Algumas franqueadoras, como a Di Santinni e a Capodarte, auxiliam neste processo. “Temos ferramentas de geomarketing e times de expansão inloco que garantem uma escolha mais assertiva de ponto”, compartilha Viviane.
2. Subestimar a importância do capital de giro
Outro equívoco frequente é não ter reserva de emergência. Nos primeiros meses, o negócio demanda mais investimento do que retorno: há imprevistos de obra, ajustes na operação, treinamento da equipe, campanhas de marketing, etc. O capital de giro é o oxigênio que mantém a empresa viva até que o fluxo de caixa se estabilize.
3. Ignorar a franqueadora
A franqueadora deve ser a maior parceira durante toda a jornada, especialmente nesse início. Ignorar treinamentos, dispensar consultorias ou não tirar dúvidas e pedir ajuda mina o propósito do sistema de franquias: replicar uma fórmula de sucesso.

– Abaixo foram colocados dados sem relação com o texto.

section \<open>Gaussian integrals over sets of polynomial growth\<close>

lemma summable_gaussian_times_power:
  "summable (\<lambda>j::nat. exp (- (real j)\<^sup>2 / 2) * (real j + 1) ^ s)"
proof (rule summable_comparison_test_bigo)
  show "summable (\<lambda>j. norm (exp (- 1 :: real) ^ j))"
    by (simp add: summable_geometric)
  show "(\<lambda>j::nat. exp (- (real j)\<^sup>2 / 2) * (real j + 1) ^ s) \<in> O(\<lambda>j. exp (- 1) ^ j)"
    by real_asymp
qed

lemma ennreal_le_suminf_level_sets:
  fixes t :: "nat \<Rightarrow> real" and v :: ennreal
  assumes "t \<longlonglongrightarrow> 0" "v \<le> ennreal (t 0)"
  shows "v \<le> (\<Sum>j. ennreal (t j) * of_bool (ennreal (t (Suc j)) < v))"
proof (cases "v = 0")
  case False
  obtain r where r: "v = ennreal r" "0 < r"
    using False assms(2) by (cases v) (auto simp: top_unique)
  then obtain m where "t m < r"
    using eventually_happens[OF order_tendstoD(2)[OF assms(1) \<open>0 < r\<close>]] by auto
  then have ex: "\<exists>m. ennreal (t m) < v"
    using r by (auto intro: ennreal_lessI)
  define m where "m = (LEAST m. ennreal (t m) < v)"
  have m: "ennreal (t m) < v"
    unfolding m_def by (rule LeastI_ex[OF ex])
  then obtain j where j: "m = Suc j"
    using assms(2) by (cases m) auto
  have "\<not> ennreal (t j) < v"
    using not_less_Least[of j "\<lambda>m. ennreal (t m) < v"] j by (simp add: m_def)
  then have "v \<le> ennreal (t j) * of_bool (ennreal (t (Suc j)) < v)"
    using m j by simp
  also have "\<dots> \<le> (\<Sum>j. ennreal (t j) * of_bool (ennreal (t (Suc j)) < v))" (is "?F j \<le> suminf ?F")
    using ennreal_suminf_lessD[of ?F "?F j" j] not_le by blast
  finally show ?thesis .
qed simp
primrec leaks_within :: "nat \<Rightarrow> 's set" where
  "leaks_within 0 = leaking"
| "leaks_within (Suc j) = leaking \<union> {s\<in>X. \<exists>t\<in>leaks_within j. P s t > 0}"

lemma finite_X: "finite X"
  using markov_chain X_subset finite_subset by (auto simp: markov_chain_def)

lemma P_nonneg: "s \<in> X \<Longrightarrow> 0 \<le> P s t"
  using markov_chain X_subset by (auto simp: markov_chain_def)

lemma row_deficit:
  assumes s: "s \<in> X"
  shows "1 - (\<Sum>t\<in>X. P s t * v t) = (\<Sum>t\<in>S - X. P s t) + (\<Sum>t\<in>X. P s t * (1 - v t))"
proof -
  have "(\<Sum>t\<in>S. P s t) = (\<Sum>t\<in>S - X. P s t) + (\<Sum>t\<in>X. P s t)"
    using markov_chain X_subset by (simp add: markov_chain_def sum.subset_diff)
  then show ?thesis
    using markov_chain s X_subset by (auto simp: markov_chain_def algebra_simps sum_subtractf)
qed

lemma row_average_unit_interval:
  assumes v: "\<And>t. t \<in> X \<Longrightarrow> 0 \<le> v t \<and> v t \<le> 1" and s: "s \<in> X"
  shows "0 \<le> (\<Sum>t\<in>X. P s t * v t) \<and> (\<Sum>t\<in>X. P s t * v t) \<le> 1"
proof -
  have "0 \<le> (\<Sum>t\<in>S - X. P s t) + (\<Sum>t\<in>X. P s t * (1 - v t))"
    using v P_nonneg[OF s] by (intro add_nonneg_nonneg sum_nonneg) simp_all
  moreover have "0 \<le> (\<Sum>t\<in>X. P s t * v t)"
    using v P_nonneg[OF s] by (intro sum_nonneg) simp
  ultimately show ?thesis
    using row_deficit[OF s, of v] by linarith
qed

lemma H_unit_interval:
  assumes "\<And>t. t \<in> X \<Longrightarrow> 0 \<le> v t \<and> v t \<le> 1" and "s \<in> X"
  shows "0 \<le> H v s \<and> H v s \<le> 1"
  using row_average_unit_interval[OF assms] gB g by (simp add: H_op_def mult_le_one)

lemma H_less_one:
  assumes v: "\<And>t. t \<in> X \<Longrightarrow> 0 \<le> v t \<and> v t \<le> 1" and s: "s \<in> X"
    and leak: "s \<in> leaking \<or> (\<exists>t\<in>X. P s t > 0 \<and> v t < 1)"
  shows "H v s < 1"
proof (cases "s \<in> B")
  case True
  then show ?thesis
    using row_average_unit_interval[of v s, OF v s] gB
      mult_left_le[of "\<Sum>t\<in>X. P s t * v t" gB] by (simp add: H_op_def)
next
  case False
  have finite_S: "finite S" using markov_chain by (simp add: markov_chain_def)
  have "0 < (\<Sum>t\<in>S - X. P s t) \<or> 0 < (\<Sum>t\<in>X. P s t * (1 - v t))"
    using leak False P_nonneg[OF s] v finite_S finite_X unfolding leaking_def
    by (auto intro!: sum_pos2)
  moreover have "0 \<le> (\<Sum>t\<in>S - X. P s t)" "0 \<le> (\<Sum>t\<in>X. P s t * (1 - v t))"
    using v P_nonneg[OF s] by (auto intro: sum_nonneg)
  ultimately have "(\<Sum>t\<in>X. P s t * v t) < 1"
    using row_deficit[OF s, of v] by linarith
  moreover have "0 \<le> (\<Sum>t\<in>X. P s t * v t)"
    using row_average_unit_interval[of v s, OF v s] by simp
  ultimately show ?thesis
    using False g mult_left_le_one_le[of "\<Sum>t\<in>X. P s t * v t" g] by (simp add: H_op_def)
qed

lemma abs_H_le:
  assumes bound: "\<And>t. t \<in> X \<Longrightarrow> \<bar>v t\<bar> \<le> M * w t" and s: "s \<in> X"
  shows "\<bar>H v s\<bar> \<le> M * H w s"
proof -
  define c where "c = (if s \<in> B then gB else g)"
  have c: "0 \<le> c" using gB g by (simp add: c_def)
  have "\<bar>H v s\<bar> = c * \<bar>\<Sum>t\<in>X. P s t * v t\<bar>"
    using c by (simp add: H_op_def c_def abs_mult)
  also have "\<dots> \<le> c * (\<Sum>t\<in>X. P s t * \<bar>v t\<bar>)"
    using sum_abs[of "\<lambda>t. P s t * v t" X] P_nonneg[OF s] c
    by (intro mult_left_mono) (simp_all add: abs_mult)
  also have "\<dots> \<le> c * (\<Sum>t\<in>X. P s t * (M * w t))"
    using bound P_nonneg[OF s] c by (intro mult_left_mono sum_mono) auto
  also have "\<dots> = M * H w s"
    by (simp add: H_op_def c_def sum_distrib_left algebra_simps)
  finally show ?thesis .
qed

lemma survival_Suc: "survival (Suc j) = H (survival j)"
  by (simp add: survival_def)

lemma survival_unit_interval: "s \<in> X \<Longrightarrow> 0 \<le> survival j s \<and> survival j s \<le> 1"
proof (induction j arbitrary: s)
  case 0
  then show ?case by (simp add: survival_def)
next
  case (Suc j)
  then show ?case
    using H_unit_interval[of "survival j" s] by (simp add: survival_Suc)
qed

lemma leaks_within_subset: "leaks_within j \<subseteq> X"
  using B_subset by (cases j) (auto simp: leaking_def)

lemma leaking_subset_leaks_within: "leaking \<subseteq> leaks_within j"
  by (cases j) auto

lemma leaks_within_mono: "leaks_within j \<subseteq> leaks_within (Suc j)"
  by (induction j) auto

lemma survival_less_one: "s \<in> leaks_within j \<Longrightarrow> survival (Suc j) s < 1"
proof (induction j arbitrary: s)
  case 0
  then show ?case
    using H_less_one[of "\<lambda>_. 1" s] leaks_within_subset[of 0] by (auto simp: survival_def)
next
  case (Suc j)
  have s: "s \<in> X" using Suc.prems leaks_within_subset by blast
  have "s \<in> leaking \<or> (\<exists>t\<in>X. P s t > 0 \<and> survival (Suc j) t < 1)"
    using Suc leaks_within_subset[of j] by auto
  then show ?case
    unfolding survival_Suc[of "Suc j"] using H_less_one[OF _ s] survival_unit_interval by blast
qed

lemma leaks_within_grows:
  assumes escape: "\<And>s. s \<in> X \<Longrightarrow> \<exists>t \<in> B \<union> (S - X). (s, t) \<in> reach S P"
    and proper: "leaks_within j \<noteq> X"
  shows "leaks_within j \<subset> leaks_within (Suc j)"
proof -
  define Q where "Q = leaks_within j \<union> (S - X)"
  obtain s where s: "s \<in> X" "s \<notin> leaks_within j"
    using proper leaks_within_subset by blast
  then obtain t where t: "t \<in> B \<union> (S - X)" "(s, t) \<in> reach S P"
    using escape by blast
  have "t \<in> Q" "s \<notin> Q"
    using t(1) s B_subset leaking_subset_leaks_within[of j] unfolding Q_def leaking_def by auto
  then obtain u v where uv: "u \<in> S" "v \<in> S" "P u v > 0" "u \<notin> Q" "v \<in> Q"
    using rtrancl_crossing_edge[OF t(2)[unfolded reach_def]] by blast
  have "v \<in> leaks_within j"
  proof (rule ccontr)
    assume "v \<notin> leaks_within j"
    then have "u \<in> leaking" using uv unfolding Q_def leaking_def by auto
    then show False using uv leaking_subset_leaks_within[of j] unfolding Q_def by blast
  qed
  then have "u \<in> leaks_within (Suc j) - leaks_within j" using uv unfolding Q_def by auto
  then show ?thesis using leaks_within_mono[of j] by blast
qed

lemma card_leaks_within:
  assumes escape: "\<And>s. s \<in> X \<Longrightarrow> \<exists>t \<in> B \<union> (S - X). (s, t) \<in> reach S P"
  shows "min (card X) (card B + j) \<le> card (leaks_within j)"
proof (induction j)
  case 0
  have "card B \<le> card (leaks_within 0)"
    by (rule card_mono[OF finite_subset[OF leaks_within_subset finite_X]]) (simp add: leaking_def)
  then show ?case by simp
next
  case (Suc j)
  show ?case
  proof (cases "leaks_within j = X")
    case True
    then have "leaks_within (Suc j) = X"
      using leaks_within_mono[of j] leaks_within_subset[of "Suc j"] by blast
    then show ?thesis by simp
  next
    case False
    then have "card (leaks_within j) < card (leaks_within (Suc j))"
      using leaks_within_grows[OF escape] finite_subset[OF leaks_within_subset finite_X]
      by (blast intro: psubset_card_mono)
    then show ?thesis using Suc.IH by linarith
  qed
qed

lemma leaks_within_eq_X:
  assumes escape: "\<And>s. s \<in> X \<Longrightarrow> \<exists>t \<in> B \<union> (S - X). (s, t) \<in> reach S P"
  shows "leaks_within (card (X - B)) = X"
proof -
  have "card B \<le> card X" using card_mono[OF finite_X B_subset] .
  then have "card X \<le> card (leaks_within (card (X - B)))"
    using card_leaks_within[OF escape, of "card (X - B)"]
      card_Diff_subset[OF finite_subset[OF B_subset finite_X] B_subset] by simp
  then show ?thesis
    using card_seteq[OF finite_X leaks_within_subset] by blast
qed

lemma abs_orbit_le:
  assumes rec: "\<And>k s. s \<in> X \<Longrightarrow> D (Suc k) s = H (D k) s" and s: "s \<in> X"
  shows "\<bar>D (k + j) s\<bar> \<le> inf_norm X (D k) * survival j s"
  using s
proof (induction j arbitrary: s)
  case 0
  then show ?case by (simp add: survival_def abs_le_inf_norm finite_X)
next
  case (Suc j)
  then show ?case
    using abs_H_le[of "D (k + j)" "inf_norm X (D k)" "survival j" s] rec by (simp add: survival_Suc)
qed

“Queremos que o franqueado nos veja como um amigo — alguém presente em todas as etapas da jornada, não apenas para ajustar rumos, mas também para celebrar conquistas. Nosso suporte é completo, abrangendo desde a gestão financeira até o marketing e a operação. O objetivo é que cada franqueado aproveite ao máximo esse conhecimento e alcance todo o seu potencial”, coloca Viviane.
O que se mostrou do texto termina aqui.